MATERIAL PROVIDED:
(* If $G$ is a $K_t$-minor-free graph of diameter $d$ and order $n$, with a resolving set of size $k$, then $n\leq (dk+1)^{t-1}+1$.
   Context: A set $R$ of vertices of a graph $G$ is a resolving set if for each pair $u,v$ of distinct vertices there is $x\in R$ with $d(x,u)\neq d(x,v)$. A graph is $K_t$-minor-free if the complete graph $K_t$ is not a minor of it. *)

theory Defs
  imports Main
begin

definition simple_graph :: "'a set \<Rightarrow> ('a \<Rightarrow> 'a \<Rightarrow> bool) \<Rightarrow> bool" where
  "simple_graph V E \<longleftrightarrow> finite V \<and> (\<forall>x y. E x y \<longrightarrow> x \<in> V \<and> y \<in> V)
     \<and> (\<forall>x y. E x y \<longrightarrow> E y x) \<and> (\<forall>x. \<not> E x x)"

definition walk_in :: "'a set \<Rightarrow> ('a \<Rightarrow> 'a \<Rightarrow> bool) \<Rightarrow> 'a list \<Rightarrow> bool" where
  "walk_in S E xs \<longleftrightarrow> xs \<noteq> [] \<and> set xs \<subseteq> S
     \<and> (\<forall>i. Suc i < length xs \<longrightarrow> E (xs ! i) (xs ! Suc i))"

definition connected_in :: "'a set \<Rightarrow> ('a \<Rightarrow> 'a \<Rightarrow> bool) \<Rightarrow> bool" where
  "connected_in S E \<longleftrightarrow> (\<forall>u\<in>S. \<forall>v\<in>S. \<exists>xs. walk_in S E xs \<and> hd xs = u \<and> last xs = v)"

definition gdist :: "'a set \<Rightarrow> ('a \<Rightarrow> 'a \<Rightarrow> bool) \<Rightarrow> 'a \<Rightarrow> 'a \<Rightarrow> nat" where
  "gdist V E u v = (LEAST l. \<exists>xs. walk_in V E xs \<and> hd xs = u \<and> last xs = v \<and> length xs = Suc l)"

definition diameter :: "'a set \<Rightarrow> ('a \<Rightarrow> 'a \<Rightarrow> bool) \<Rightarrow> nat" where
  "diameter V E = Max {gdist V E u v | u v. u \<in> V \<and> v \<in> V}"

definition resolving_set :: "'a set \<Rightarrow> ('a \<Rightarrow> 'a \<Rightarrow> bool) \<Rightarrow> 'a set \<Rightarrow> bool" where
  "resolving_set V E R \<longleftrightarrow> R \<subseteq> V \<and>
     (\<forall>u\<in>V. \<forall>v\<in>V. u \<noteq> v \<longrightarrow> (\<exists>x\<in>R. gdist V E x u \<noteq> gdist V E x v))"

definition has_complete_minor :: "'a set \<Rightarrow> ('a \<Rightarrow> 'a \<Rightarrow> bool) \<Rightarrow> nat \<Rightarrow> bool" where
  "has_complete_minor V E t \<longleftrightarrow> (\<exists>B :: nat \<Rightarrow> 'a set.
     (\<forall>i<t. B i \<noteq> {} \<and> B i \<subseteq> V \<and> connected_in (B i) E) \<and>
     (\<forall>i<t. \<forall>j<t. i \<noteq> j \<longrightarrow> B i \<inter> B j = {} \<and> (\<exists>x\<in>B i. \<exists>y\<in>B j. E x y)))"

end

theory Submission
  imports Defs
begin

==

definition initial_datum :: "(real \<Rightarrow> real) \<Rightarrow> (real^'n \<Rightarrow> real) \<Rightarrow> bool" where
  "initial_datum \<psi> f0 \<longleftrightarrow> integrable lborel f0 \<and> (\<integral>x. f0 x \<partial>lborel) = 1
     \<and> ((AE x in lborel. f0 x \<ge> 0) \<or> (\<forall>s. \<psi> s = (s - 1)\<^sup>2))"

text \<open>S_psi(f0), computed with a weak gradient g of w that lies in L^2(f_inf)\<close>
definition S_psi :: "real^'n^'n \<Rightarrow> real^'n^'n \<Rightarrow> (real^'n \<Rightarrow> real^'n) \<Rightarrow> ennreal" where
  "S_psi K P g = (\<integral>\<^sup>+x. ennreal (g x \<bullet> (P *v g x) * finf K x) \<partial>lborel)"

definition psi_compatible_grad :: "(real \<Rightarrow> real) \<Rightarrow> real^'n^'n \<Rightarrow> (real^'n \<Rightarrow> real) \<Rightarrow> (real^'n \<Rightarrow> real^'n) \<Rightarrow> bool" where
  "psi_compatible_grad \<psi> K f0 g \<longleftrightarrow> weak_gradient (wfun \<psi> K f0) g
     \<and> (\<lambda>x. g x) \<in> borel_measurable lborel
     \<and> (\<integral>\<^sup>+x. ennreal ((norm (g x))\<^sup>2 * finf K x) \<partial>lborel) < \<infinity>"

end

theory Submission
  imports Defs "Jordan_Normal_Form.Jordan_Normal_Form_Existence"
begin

...

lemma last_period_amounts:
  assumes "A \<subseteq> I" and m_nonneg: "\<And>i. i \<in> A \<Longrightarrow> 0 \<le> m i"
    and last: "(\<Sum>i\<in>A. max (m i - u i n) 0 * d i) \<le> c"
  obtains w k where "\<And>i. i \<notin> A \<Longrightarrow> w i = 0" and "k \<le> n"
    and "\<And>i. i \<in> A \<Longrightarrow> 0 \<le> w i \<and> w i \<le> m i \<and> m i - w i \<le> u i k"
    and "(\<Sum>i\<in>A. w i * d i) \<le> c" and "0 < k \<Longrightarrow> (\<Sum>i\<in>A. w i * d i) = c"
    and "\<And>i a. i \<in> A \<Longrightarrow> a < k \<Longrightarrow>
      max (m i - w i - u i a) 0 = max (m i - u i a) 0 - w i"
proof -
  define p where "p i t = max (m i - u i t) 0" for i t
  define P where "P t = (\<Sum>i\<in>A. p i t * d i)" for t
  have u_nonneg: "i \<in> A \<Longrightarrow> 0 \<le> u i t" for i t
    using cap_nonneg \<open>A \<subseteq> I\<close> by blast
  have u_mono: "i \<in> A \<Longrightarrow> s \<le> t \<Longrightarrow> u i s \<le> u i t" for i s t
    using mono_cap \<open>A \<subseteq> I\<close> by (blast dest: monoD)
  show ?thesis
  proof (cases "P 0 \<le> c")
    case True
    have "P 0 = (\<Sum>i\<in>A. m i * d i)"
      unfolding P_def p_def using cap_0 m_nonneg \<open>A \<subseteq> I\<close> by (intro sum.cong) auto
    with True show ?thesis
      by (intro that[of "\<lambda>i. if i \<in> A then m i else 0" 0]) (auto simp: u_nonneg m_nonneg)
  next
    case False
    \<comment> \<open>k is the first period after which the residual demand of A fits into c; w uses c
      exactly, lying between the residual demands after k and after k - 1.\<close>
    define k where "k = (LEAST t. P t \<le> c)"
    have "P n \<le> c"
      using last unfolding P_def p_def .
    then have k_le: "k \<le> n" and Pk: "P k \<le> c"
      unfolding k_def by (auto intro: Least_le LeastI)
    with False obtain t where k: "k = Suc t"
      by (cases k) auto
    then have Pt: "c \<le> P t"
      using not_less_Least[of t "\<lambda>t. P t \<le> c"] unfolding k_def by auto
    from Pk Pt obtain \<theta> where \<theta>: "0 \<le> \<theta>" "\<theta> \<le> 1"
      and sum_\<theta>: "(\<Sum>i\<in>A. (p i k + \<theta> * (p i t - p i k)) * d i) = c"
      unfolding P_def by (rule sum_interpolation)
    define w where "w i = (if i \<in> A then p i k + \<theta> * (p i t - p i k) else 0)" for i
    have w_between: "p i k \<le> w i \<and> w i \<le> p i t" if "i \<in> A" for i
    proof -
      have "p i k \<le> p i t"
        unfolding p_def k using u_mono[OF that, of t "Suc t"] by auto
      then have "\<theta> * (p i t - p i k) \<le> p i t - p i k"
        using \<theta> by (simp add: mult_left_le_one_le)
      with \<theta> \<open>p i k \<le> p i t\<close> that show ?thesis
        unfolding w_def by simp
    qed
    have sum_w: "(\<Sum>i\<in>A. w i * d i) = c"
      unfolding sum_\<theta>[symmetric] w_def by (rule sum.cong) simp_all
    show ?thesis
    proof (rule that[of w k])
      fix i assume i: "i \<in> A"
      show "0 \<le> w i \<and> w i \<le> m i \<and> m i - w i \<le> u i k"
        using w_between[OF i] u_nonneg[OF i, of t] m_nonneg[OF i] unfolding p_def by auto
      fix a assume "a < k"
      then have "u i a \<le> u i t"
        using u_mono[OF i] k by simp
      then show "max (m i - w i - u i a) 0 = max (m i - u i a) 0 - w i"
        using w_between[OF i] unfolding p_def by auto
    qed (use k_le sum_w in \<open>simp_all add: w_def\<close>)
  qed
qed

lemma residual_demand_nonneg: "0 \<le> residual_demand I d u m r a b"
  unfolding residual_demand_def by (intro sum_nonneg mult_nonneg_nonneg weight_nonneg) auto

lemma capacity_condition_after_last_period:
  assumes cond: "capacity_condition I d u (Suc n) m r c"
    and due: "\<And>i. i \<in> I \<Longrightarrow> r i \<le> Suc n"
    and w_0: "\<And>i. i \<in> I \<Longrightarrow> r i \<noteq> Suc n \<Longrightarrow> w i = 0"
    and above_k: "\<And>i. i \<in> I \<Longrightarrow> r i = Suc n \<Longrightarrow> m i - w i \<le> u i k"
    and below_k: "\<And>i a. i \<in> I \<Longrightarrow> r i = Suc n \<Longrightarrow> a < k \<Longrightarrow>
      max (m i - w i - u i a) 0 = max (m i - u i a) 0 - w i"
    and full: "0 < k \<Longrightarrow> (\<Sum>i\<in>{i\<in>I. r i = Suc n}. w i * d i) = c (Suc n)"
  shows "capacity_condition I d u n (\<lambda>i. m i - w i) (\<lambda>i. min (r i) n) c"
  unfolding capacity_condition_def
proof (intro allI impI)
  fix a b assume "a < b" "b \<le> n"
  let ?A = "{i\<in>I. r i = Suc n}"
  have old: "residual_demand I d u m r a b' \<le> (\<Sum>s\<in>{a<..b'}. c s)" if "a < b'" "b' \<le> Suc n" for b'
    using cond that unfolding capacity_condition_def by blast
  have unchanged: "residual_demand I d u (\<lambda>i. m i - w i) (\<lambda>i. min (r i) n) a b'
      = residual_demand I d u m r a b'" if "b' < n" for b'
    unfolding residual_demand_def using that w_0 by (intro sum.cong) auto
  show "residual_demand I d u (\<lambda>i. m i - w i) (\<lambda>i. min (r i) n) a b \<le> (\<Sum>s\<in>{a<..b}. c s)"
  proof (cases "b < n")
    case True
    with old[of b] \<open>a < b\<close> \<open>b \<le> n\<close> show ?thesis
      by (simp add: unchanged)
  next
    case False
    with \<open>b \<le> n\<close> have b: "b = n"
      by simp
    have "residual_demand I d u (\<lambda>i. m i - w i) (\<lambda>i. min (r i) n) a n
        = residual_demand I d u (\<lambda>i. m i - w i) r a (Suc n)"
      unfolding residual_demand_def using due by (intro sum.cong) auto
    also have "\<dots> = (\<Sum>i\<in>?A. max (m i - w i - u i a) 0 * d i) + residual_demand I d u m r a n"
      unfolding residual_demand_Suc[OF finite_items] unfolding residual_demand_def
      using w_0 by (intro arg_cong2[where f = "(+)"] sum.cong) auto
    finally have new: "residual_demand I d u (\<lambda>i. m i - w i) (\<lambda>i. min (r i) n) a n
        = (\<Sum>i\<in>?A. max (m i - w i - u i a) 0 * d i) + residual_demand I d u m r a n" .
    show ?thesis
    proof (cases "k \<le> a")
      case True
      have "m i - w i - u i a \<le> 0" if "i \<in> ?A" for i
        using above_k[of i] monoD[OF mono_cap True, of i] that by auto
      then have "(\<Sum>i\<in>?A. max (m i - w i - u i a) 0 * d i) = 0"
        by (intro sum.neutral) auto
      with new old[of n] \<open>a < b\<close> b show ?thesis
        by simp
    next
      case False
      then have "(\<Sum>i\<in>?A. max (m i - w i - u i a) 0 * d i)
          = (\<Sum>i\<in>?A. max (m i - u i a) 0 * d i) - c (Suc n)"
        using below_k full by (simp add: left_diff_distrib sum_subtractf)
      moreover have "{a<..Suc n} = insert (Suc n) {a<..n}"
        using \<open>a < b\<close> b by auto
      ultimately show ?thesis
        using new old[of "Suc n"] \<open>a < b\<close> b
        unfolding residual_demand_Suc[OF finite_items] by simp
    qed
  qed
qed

TASK PROMPT: Could you count how many lines in the records contain the word "thesis"? Only the number is needed.

WORKED SOLUTION: 8